HOW TO COMPLETE THIS TASK = May I have the line containing "unfolding sl2_E_F_pow by" and every line after it through the end of the data, repeated exactly and with no other lines?

(EXCERPTED DATA begins)

lemma eval_pbw_E_H_pow: "eval_pbw (pbw_E_H_pow b c) = sl2_E * pbw_monomial (0, b, c)"
proof (induction b)
  case 0
  then show ?case by (simp add: pbw_monomial_def)
next
  case (Suc b)
  have "sl2_E * pbw_monomial (0, Suc b, c) = (sl2_E * sl2_H) * pbw_monomial (0, b, c)"
    by (simp add: pbw_monomial_def mult.assoc)
  also have "\<dots> = sl2_H * (sl2_E * pbw_monomial (0, b, c)) - 2 * (sl2_E * pbw_monomial (0, b, c))"
    by (simp add: sl2_E_H algebra_simps)
  finally show ?case
    by (simp add: Suc eval_pbw_norm eval_pbw_H eval_pbw_smult)
qed

fun pbw_E_mon :: "nat \<times> nat \<times> nat \<Rightarrow> pbw_poly" where
  "pbw_E_mon (0, b, c) = pbw_E_H_pow b c"
| "pbw_E_mon (Suc a, b, c) = pbw_shift_F (Suc a) (pbw_E_H_pow b c)
     @ [((a, Suc b, c), int (Suc a)), ((a, b, c), - int (Suc a * a))]"

lemma eval_pbw_E_mon: "eval_pbw (pbw_E_mon m) = sl2_E * pbw_monomial m"
proof (cases m rule: pbw_E_mon.cases)
  case (1 b c)
  then show ?thesis by (simp add: eval_pbw_E_H_pow)
next
  case (2 a b c)
  have "sl2_E * pbw_monomial (Suc a, b, c) = (sl2_E * sl2_F ^ Suc a) * (sl2_H ^ b * sl2_E ^ c)"
    by (simp add: pbw_monomial_def mult.assoc)
  also have "\<dots> = sl2_F ^ Suc a * (sl2_E * pbw_monomial (0, b, c))
      + of_nat (Suc a) * pbw_monomial (a, Suc b, c) - of_nat (Suc a * a) * pbw_monomial (a, b, c)"
    unfolding sl2_E_F_pow by (simp add: pbw_monomial_def algebra_simps del: of_nat_Suc of_nat_mult)
  finally show ?thesis
    using 2 by (simp add: eval_pbw_shift_F eval_pbw_E_H_pow algebra_simps)
qed

definition pbw_E :: "pbw_poly \<Rightarrow> pbw_poly" where
  "pbw_E = pbw_lift pbw_E_mon"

(EXCERPTED DATA ends)

OUTPUT =
    unfolding sl2_E_F_pow by (simp add: pbw_monomial_def algebra_simps del: of_nat_Suc of_nat_mult)
  finally show ?thesis
    using 2 by (simp add: eval_pbw_shift_F eval_pbw_E_H_pow algebra_simps)
qed

definition pbw_E :: "pbw_poly \<Rightarrow> pbw_poly" where
  "pbw_E = pbw_lift pbw_E_mon"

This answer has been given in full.